This idea of a file capturing system details was actually discussed as I think part of the lock file spec at some point by writing down the values for environment markers as JSON that could be fed into Markers - Packaging .

I’m not sure I understand your problem here. I don’t think the amount of time needed to get acceptance of the full wheel variants proposal will differ much whether we have a single proposal or multiple ones. Either way, it’s a big project.

And I’m not sure what more I can tell you about PEP acceptance. At some basic level it’s simply a matter of you asking for a decision, and me saying yes or no. I try to be more involved than that, though, and advise PEP authors on how to have the best chance of acceptance. But I have to be careful, as it’s an obvious conflict of interest if I come across as saying “write the proposal this way or I won’t accept it”. Right now, I feel like I’m getting too involved in trying to help get the PEP in shape for acceptance, and that may be counter-productive.

In the case of PEP 825, I’m struggling to come to a decision. The functionality is important, and I think we need some solution to the wheel variant question. And the basic ideas in the PEP are solid. But the PEP itself doesn’t feel precise enough to be a good basis for a complex feature like variants - there are too many areas which feel like they are “to be specified later” or “we assume people won’t do dumb things”.

Yes. And therefore, it seems to me that it’ll take longer to come up with a good solution, because we don’t have practical experience to base the design on.

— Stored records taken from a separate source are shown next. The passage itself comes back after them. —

(* Let $H,K$ be Hilbert spaces, $m\geq 2$, and let $x_{1},\dots,x_{m}\in B(H)$ and $y_{1},\dots,y_{m}\in B(K)$ be self-adjoint contractions, with $B=\sum_{i=1}^{m}x_{i}\otimes y_{i}$. For $i\neq j$ set \[ \phi_{ij}=\frac{1}{2}\Big(\|[x_{i},x_{j}]\|\,\|[y_{i},y_{j}]\|+\|\{x_{i},x_{j}\}\|\,\|\{y_{i},y_{j}\}\|\Big)\geq 0. \] Let $G$ be a simple undirected graph on $\{1,\dots,m\}$ with edge set $E(G)$, neighbor sets $N(i)$, degrees $\deg(i)=|N(i)|$, and minimum degree $\delta=\min_{i}\deg(i)\geq 1$. Assume that for every pair $i\neq j$ with $(i,j)\notin E(G)$, \[ \phi_{ij}\leq\frac{1}{\deg(i)}\sum_{k\in N(i)}\phi_{ik}+\frac{1}{\deg(j)}\sum_{k\in N(j)}\phi_{jk}. \] Then \[ \|B\|^{2}\leq m+C(G)\sum_{(i,j)\in E(G)}\phi_{ij},\qquad C(G)=\frac{2(m-1)}{\delta}-1, \] where the sum over $E(G)$ runs over each (unordered) edge once.
   Context: $\|\cdot\|$ is the operator norm, $[a,b]=ab-ba$, $\{a,b\}=ab+ba$. A contraction is an operator of norm at most $1$. *)

theory Defs
  imports Complex_Main
begin

class chilbert = ab_group_add +
  fixes hscale :: "complex \<Rightarrow> 'a \<Rightarrow> 'a"
    and hinner :: "'a \<Rightarrow> 'a \<Rightarrow> complex"
  assumes hscale_add_right: "hscale c (x + y) = hscale c x + hscale c y"
    and hscale_add_left: "hscale (c + d) x = hscale c x + hscale d x"
    and hscale_hscale: "hscale c (hscale d x) = hscale (c * d) x"
    and hscale_one: "hscale 1 x = x"
    and hinner_conj: "hinner x y = cnj (hinner y x)"
    and hinner_add_right: "hinner x (y + z) = hinner x y + hinner x z"
    and hinner_scale_right: "hinner x (hscale c y) = c * hinner x y"
    and hinner_nonneg: "0 \<le> Re (hinner x x)"
    and hinner_eq_zero: "hinner x x = 0 \<Longrightarrow> x = 0"
    and hcomplete:
      "(\<forall>e>0. \<exists>N. \<forall>p::nat\<ge>N. \<forall>q\<ge>N. sqrt (Re (hinner (X p - X q) (X p - X q))) < e)
        \<Longrightarrow> (\<exists>L. \<forall>e>0. \<exists>N. \<forall>n::nat\<ge>N. sqrt (Re (hinner (X n - L) (X n - L))) < e)"

definition hnorm :: "'a::chilbert \<Rightarrow> real" where
  "hnorm x = sqrt (Re (hinner x x))"

definition bounded_op :: "('a::chilbert \<Rightarrow> 'a) \<Rightarrow> bool" where
  "bounded_op T \<longleftrightarrow> (\<forall>x y. T (x + y) = T x + T y) \<and> (\<forall>c x. T (hscale c x) = hscale c (T x))
     \<and> (\<exists>C. \<forall>x. hnorm (T x) \<le> C * hnorm x)"

definition opnorm :: "('a::chilbert \<Rightarrow> 'a) \<Rightarrow> real" where
  "opnorm T = Sup {hnorm (T x) | x. hnorm x \<le> 1}"

definition self_adjoint :: "('a::chilbert \<Rightarrow> 'a) \<Rightarrow> bool" where
  "self_adjoint T \<longleftrightarrow> (\<forall>x y. hinner (T x) y = hinner x (T y))"

definition contraction :: "('a::chilbert \<Rightarrow> 'a) \<Rightarrow> bool" where
  "contraction T \<longleftrightarrow> bounded_op T \<and> opnorm T \<le> 1"

definition commut :: "('a::chilbert \<Rightarrow> 'a) \<Rightarrow> ('a \<Rightarrow> 'a) \<Rightarrow> ('a \<Rightarrow> 'a)" where
  "commut S T = (\<lambda>v. S (T v) - T (S v))"

definition anticommut :: "('a::chilbert \<Rightarrow> 'a) \<Rightarrow> ('a \<Rightarrow> 'a) \<Rightarrow> ('a \<Rightarrow> 'a)" where
  "anticommut S T = (\<lambda>v. S (T v) + T (S v))"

Which reminds me - do any other ecosystems have prior art in this area? Surely Python can’t be the only language that has to deal with the problems wheel variants are addressing. How do other languages handle the situation?

Maybe a starting point would be to formally list those features, along with what behaviours are required (or preferred) by the variants spec. That would be a lot better than continuing to just talk around them without coming to any conclusion.

The only one I can immediately think of is handling of multiple indexes, and even there, there’s no specific behaviour that’s “critically relied on” - as far as I can tell, all that happens is that when multiple indexes are involved, the PEP gets two or more variants.json files containing ordering data, and needs some way to combine them. That combination could depend on having more information about the indexes than just that they exist (for example, having an ordered list rather than a set allows a rule of “prefer indexes earlier in the list”), but the PEP doesn’t give any combination rule at the moment, so it’s not clear what might be needed.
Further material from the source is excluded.